Hundreds of taxi drivers in Warsaw, Poland, blocked city streets on Monday in protest over a Polish draft law which they believe to be "favourable" to ride-sharing app Uber.
They say the draft also shows direct support to the American firm.
Traditional Taxi drivers claim that the Uber app represents unfair competition because their drivers can dodge the rules and restrictions that regulate regular taxis.
As reported by the Fin24, the protesters blocked one of the Polish capital's main streets, stopping before the prime minister's office, then the US embassy and finally the ministry of entrepreneurship.
As part of the draft legislation, which would regulate the activity of ride-sharing firms, most notably states that a mobile telephone app can replace the taximeter, which has caused uproar amongst taxi drivers.
The new draft law has already been approved by the Polish government.
Taxi drivers are now calling on the Polish government to abandon the draft law and introduce a new law that would protect traditional taxi operators.
Taxi drivers have stressed that since the introduction of Uber, they have struggled to compete, saying that they are not operating on a level playing field.
One driver has said that his current income is a third lower than it was two years ago.
He told AFP that all taxi drivers are asking for is "fairness". Traditional taxi operators want all operators to be licenced, have a taximeter in all vehicles and pay the full taxes.

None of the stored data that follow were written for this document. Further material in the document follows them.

lemma caratheodory_coeff_extremal:
  assumes hol: "p holomorphic_on unit_disc" and Re: "\<And>z. z \<in> unit_disc \<Longrightarrow> 0 \<le> Re (p z)"
    and p0: "p 0 = 1" and low: "\<And>k. 0 < k \<Longrightarrow> k < n \<Longrightarrow> fps_nth (fps_expansion p 0) k = 0"
    and pn: "fps_nth (fps_expansion p 0) n = - 2" and z: "z \<in> unit_disc"
  shows "p z = (1 - z ^ n) / (1 + z ^ n)"
proof -
  define G where "G = fps_expansion (\<lambda>z. p z - 1) 0"
  have G_nth: "fps_nth G k = fps_nth (fps_expansion p 0) k - (if k = 0 then 1 else 0)" for k
  proof -
    have "(\<lambda>z. p z - 1) has_fps_expansion fps_expansion p 0 - 1"
      using hol by (intro has_fps_expansion_diff holomorphic_on_unit_disc_has_fps_expansion) auto
    then show ?thesis
      by (simp add: G_def fps_expansion_eqI)
  qed
  have G_low: "fps_nth G k = 0" if "k < n" for k
    using low[of k] that p0 by (cases "k = 0") (simp_all add: G_nth fps_expansion_def)
  have n: "n \<noteq> 0"
  proof
    assume "n = 0"
    then show False
      using pn p0 by (simp add: fps_expansion_def)
  qed
  then have Gn: "fps_nth G n = - 2"
    by (simp add: G_nth pn)
  then have G_nz: "G \<noteq> 0"
    by auto
  have "(\<lambda>z. p z - 1) holomorphic_on unit_disc"
    using hol by (intro holomorphic_intros)
  then obtain w where w: "w holomorphic_on unit_disc" "\<And>z. z \<in> unit_disc \<Longrightarrow> p z - 1 = z ^ n * w z"
    and "w 0 = fps_nth G n"
    unfolding G_def by (rule holomorphic_factor_power_at_0[where n = n]) (use G_nz G_low in \<open>auto simp: G_def\<close>)
  then have w0: "w 0 = - 2"
    using Gn by simp
  have den: "p z + 1 \<noteq> 0" if "z \<in> unit_disc" for z
    using Re[OF that] by (auto simp: complex_eq_iff)
  define \<psi> where "\<psi> = (\<lambda>z. w z / (p z + 1))"
  have \<psi>_hol: "\<psi> holomorphic_on unit_disc"
    unfolding \<psi>_def using w(1) hol den by (intro holomorphic_intros) auto
  have bound: "norm (z ^ n * \<psi> z) \<le> 1" if "z \<in> unit_disc" for z
  proof -
    have "norm (z ^ n * \<psi> z) = norm (p z - 1) / norm (p z + 1)"
      using w(2)[OF that] by (simp add: \<psi>_def norm_mult norm_divide)
    also have "\<dots> \<le> 1"
      using norm_minus_1_le_norm_plus_1[OF Re[OF that]] den[OF that] by (simp add: divide_le_eq_1)
    finally show ?thesis .
  qed
  have "norm (\<psi> z) \<le> 1" if "z \<in> unit_disc" for z
    using \<psi>_hol bound that by (rule norm_le_1_if_norm_power_mult_le_1)
  moreover have \<psi>0: "\<psi> 0 = - 1"
    using w0 p0 by (simp add: \<psi>_def)
  ultimately have "\<psi> constant_on unit_disc"
    by (intro maximum_modulus_principle[OF \<psi>_hol open_ball connected_ball open_ball subset_refl, of 0]) auto
  then have "\<psi> z = - 1"
    using z \<psi>0 unfolding constant_on_def by (metis centre_in_ball zero_less_one)
  then have wz: "w z = - (p z + 1)"
    using den[OF z] by (simp add: \<psi>_def field_simps)
  have "p z - 1 = z ^ n * w z"
    using w(2)[OF z] .
  also have "\<dots> = - (z ^ n * (p z + 1))"
    unfolding wz by (rule mult_minus_right)
  finally have "p z - 1 = - (z ^ n * (p z + 1))" .
  moreover have "1 + z ^ n \<noteq> 0"
  proof
    assume "1 + z ^ n = 0"
    then have "norm (z ^ n) = 1"
      by (metis add_eq_0_iff norm_minus_cancel norm_one)
    moreover have "norm z ^ n < 1"
      using z n by (simp add: power_less_one_iff)
    ultimately show False
      by (simp add: norm_power)
  qed
  ultimately show ?thesis
    by (simp add: field_simps)
qed

theorem theorem9:
  fixes n :: nat and f :: "complex \<Rightarrow> complex"
  assumes "n \<ge> 1"
    and "krzyz_extremal n f"
    and "taylor_coeff f n = 2 * taylor_coeff f 0"
    and "taylor_coeff f 0 \<in> \<real>" and "Re (taylor_coeff f 0) > 0"
  shows "\<forall>z\<in>unit_disc. f z = exp (- (1 - z ^ n) / (1 + z ^ n))"
proof -
  define r where "r = Re (taylor_coeff f 0)"
  have n: "0 < n" and ext: "krzyz_extremal n f" and fB: "f \<in> krzyz_class" and r: "0 < r"
    using assms by (auto simp: r_def krzyz_extremal_def)
  have a0: "taylor_coeff f 0 = of_real r" and an: "taylor_coeff f n = of_real (2 * r)"
    using assms(3,4) by (auto simp: r_def complex_is_Real_iff complex_eq_iff)
  have f_low: "taylor_coeff f k = 0" if "0 < k" "k < n" for k
    using krzyz_extremal_coeff_eq_0[OF ext _ a0 an that] r by simp
  have f0: "f 0 = of_real r"
    using a0 by (simp add: taylor_coeff_def)
  obtain p where hol: "p holomorphic_on unit_disc" and p0: "p 0 = of_real (- ln r)"
    and Re: "\<And>z. z \<in> unit_disc \<Longrightarrow> 0 \<le> Re (p z)" and f: "\<And>z. z \<in> unit_disc \<Longrightarrow> f z = exp (- p z)"
    using krzyz_class_imp_exp_neg[OF fB f0 r] by blast
  note p_low = exp_neg_taylor_coeffs(1)[OF hol f n f_low]
  have "- (fps_nth (fps_expansion p 0) n * of_real r) = 2 * of_real r"
    using exp_neg_taylor_coeffs(2)[OF hol f n f_low] an f0 by simp
  then have pn: "fps_nth (fps_expansion p 0) n = - 2"
    using r by (metis minus_equation_iff mult_minus_left mult_cancel_right of_real_eq_0_iff less_irrefl)
  have "- ln r = 1"
    using krzyz_extremal_exp_neg_at_0_eq_1[OF ext n hol Re f p0 p_low] pn by simp
  then have "p z = (1 - z ^ n) / (1 + z ^ n)" if "z \<in> unit_disc" for z
    using caratheodory_coeff_extremal[OF hol Re _ p_low pn that] p0 by simp
  then show ?thesis
    using f by (simp add: minus_divide_left)
qed

end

Representatives of the taxi drivers notably denounced a letter sent to the Polish government by US ambassador to Warsaw Georgette Mosbacher, which allegedly threatened to freeze US investments in Poland if Uber were to encounter trouble in the EU member.
The taxi drivers protest was called " unfounded" by a spokesperson for the ministry of infrastructure, who went on to say the new legislation will ensure a level playing field for all cab operators.